Point the SDK to your Worker:

Python

from openai import OpenAI
client = OpenAI(base_url="https://<your-worker>.workers.dev/v1", api_key="dummy")
stream = client.chat.completions.create(
  model="gpt-oss-20b",
  messages=[{"role":"user","content":"hello!"}],
  stream=True,
  metadata={"reasoning_effort": "low"}
)
for chunk in stream:
    d = chunk.choices[0].delta
    if getattr(d, "reasoning_content", None): print("\n[reasoning]", d.reasoning_content)
    if getattr(d, "content", None): print(d.content, end="")

Node

import OpenAI from "openai";
const client = new OpenAI({ baseURL: "https://<your-worker>.workers.dev/v1", apiKey: "dummy" });
const stream = await client.chat.completions.create({
  model: "gpt-oss-120b",
  messages: [{ role: "user", content: "hello!" }],
  stream: true,
  metadata: { reasoning_effort: "medium" }
});
for await (const chunk of stream) {
  const d = chunk.choices[0].delta;
  if (d.reasoning_content) console.log("\n[reasoning]", d.reasoning_content);
  if (d.content) process.stdout.write(d.content);
}

⚠️ Disclaimer

This script is provided as a proof of concept.
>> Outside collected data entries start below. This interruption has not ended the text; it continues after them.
lemma (in group) mixable_odd_order_character_trivial:
  fixes f :: "'a \<Rightarrow> complex"
  assumes fin: "finite (carrier G)" and "mixable G" and "f \<one> = 1"
    and f_mult: "\<And>a b. a \<in> carrier G \<Longrightarrow> b \<in> carrier G \<Longrightarrow> f (a \<otimes> b) = f a * f b"
    and "odd r" and f_root: "\<And>a. a \<in> carrier G \<Longrightarrow> f a ^ r = 1"
    and a: "a \<in> carrier G"
  shows "f a = 1"
proof (rule ccontr)
  assume "f a \<noteq> 1"
  obtain w where w: "set w \<subseteq> carrier G \<times> {0..1}"
    and unif: "\<And>x. x \<in> carrier G \<Longrightarrow> word_dist G w x = 1 / real (card (carrier G))"
    using \<open>mixable G\<close> mixable_iff_uniform_word by blast
  have letters: "fst ` set w \<subseteq> carrier G"
    using w by auto
  have "(\<Prod>(g, p)\<leftarrow>w. 1 - of_real p + of_real p * f g)
      = (\<Sum>x\<in>carrier G. of_real (1 / real (card (carrier G))) * f x)"
    using word_dist_character_sum[OF fin letters \<open>f \<one> = 1\<close> f_mult] unif by simp
  also have "\<dots> = 0"
    using character_sum_eq_0[OF fin f_mult a \<open>f a \<noteq> 1\<close>] by (simp add: sum_divide_distrib[symmetric])
  finally have "0 \<in> set (map (\<lambda>(g, p). 1 - of_real p + of_real p * f g) w)"
    by (simp add: prod_list_zero_iff)
  then obtain g p where "(g, p) \<in> set w" "1 - of_real p + of_real p * f g = 0"
    by auto
  with w f_root \<open>odd r\<close> one_minus_plus_odd_root_of_unity_neq_0 show False
    by blast
qed

section \<open>Finite fields\<close>

lemma power_mod_eq_if_power_eq_1:
  fixes x :: "'a::monoid_mult"
  assumes "x ^ N = 1"
  shows "x ^ (e mod N) = x ^ e"
proof -
  have "x ^ e = (x ^ N) ^ (e div N) * x ^ (e mod N)"
    by (metis div_mult_mod_eq power_add power_mult mult.commute)
  then show ?thesis
    using assms by simp
qed

lemma ex_map_powers_to_powers:
  fixes \<gamma> :: "'a::monoid_mult" and \<omega> :: "'b::monoid_mult"
  assumes inj: "inj_on (\<lambda>e. \<gamma> ^ e) {..<N}" and "N > 0" "\<gamma> ^ N = 1" "\<omega> ^ N = 1"
  shows "\<exists>\<psi>. \<forall>e. \<psi> (\<gamma> ^ e) = \<omega> ^ e"
proof -
  define \<psi> where "\<psi> x = \<omega> ^ inv_into {..<N} (\<lambda>e. \<gamma> ^ e) x" for x
  have "\<psi> (\<gamma> ^ e) = \<omega> ^ e" for e
  proof -
    have "inv_into {..<N} (\<lambda>e. \<gamma> ^ e) (\<gamma> ^ (e mod N)) = e mod N"
      using inv_into_f_f[OF inj] \<open>N > 0\<close> by simp
    then show ?thesis
      using assms(3,4) by (simp add: \<psi>_def power_mod_eq_if_power_eq_1)
  qed
  then show ?thesis
    by blast
qed

lemma card_field_ge_2: "CARD('a::{field,finite}) \<ge> 2"
proof -
  have "card {0::'a, 1} \<le> CARD('a)"
    by (rule card_mono) auto
  then show ?thesis
    by simp
qed

lemma finite_field_primitive_element:
  obtains a :: "'a::{field,finite}" where "a ^ (CARD('a) - 1) = 1" "\<And>t. t \<noteq> 0 \<Longrightarrow> \<exists>i. t = a ^ i"
proof -
  define R where "R = (ring_of_type_algebra :: 'a ring)"
  interpret R: field R
    unfolding R_def by (rule field_from_type_algebra)
  have R_pow: "a [^]\<^bsub>R\<^esub> (i::nat) = a ^ i" for a i
    by (induction i) (simp_all add: R_def ring_of_type_algebra_def mult.commute)
  \<comment> \<open>\<open>Ring_Divisibility\<close>, imported with \<open>Algebraic_Closure_Type\<close>, declares a second \<open>mult_of\<close>.\<close>
  have R_simps: "carrier R = UNIV" "carrier (Multiplicative_Group.mult_of R) = UNIV - {0}"
    "\<one>\<^bsub>R\<^esub> = 1" "\<zero>\<^bsub>R\<^esub> = 0"
    by (simp_all add: R_def ring_of_type_algebra_def)
  obtain a where a: "a \<in> carrier (Multiplicative_Group.mult_of R)"
    and gen: "carrier (Multiplicative_Group.mult_of R) = {a [^]\<^bsub>R\<^esub> i | i::nat. i \<in> UNIV}"
    using R.finite_field_mult_group_has_gen by auto
  interpret M: group "Multiplicative_Group.mult_of R"
    by (rule R.field_mult_group)
  have "a [^]\<^bsub>Multiplicative_Group.mult_of R\<^esub> order (Multiplicative_Group.mult_of R)
      = \<one>\<^bsub>Multiplicative_Group.mult_of R\<^esub>"
    using a by (rule M.pow_order_eq_1)
  then have "a ^ card (carrier (Multiplicative_Group.mult_of R)) = 1"
    by (simp add: order_def R_simps R_pow Multiplicative_Group.nat_pow_mult_of)
  moreover have "\<exists>i. t = a ^ i" if "t \<noteq> 0" for t
    using that gen by (auto simp: R_simps R_pow)
  ultimately show ?thesis
    using that[of a] by (simp add: R_simps card_Diff_singleton)
qed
It is not intended to cause harm or be misused.

If you encounter any issues or have concerns, please contact: 📧 [email protected] 💬 Join our Discord

🔧 Notes & tips

  • Models: choose gpt-oss-20b for speed; gpt-oss-120b for quality.
  • Reasoning effort: set via header or metadata.reasoning_effort (default medium).
  • Threads / Users: pass X-GPTOSS-Thread-Id + X-GPTOSS-User-Id (or metadata.gptoss_*) to keep conversation history.
  • CORS: enabled by default. If you add auth, include authorization in access-control-allow-headers.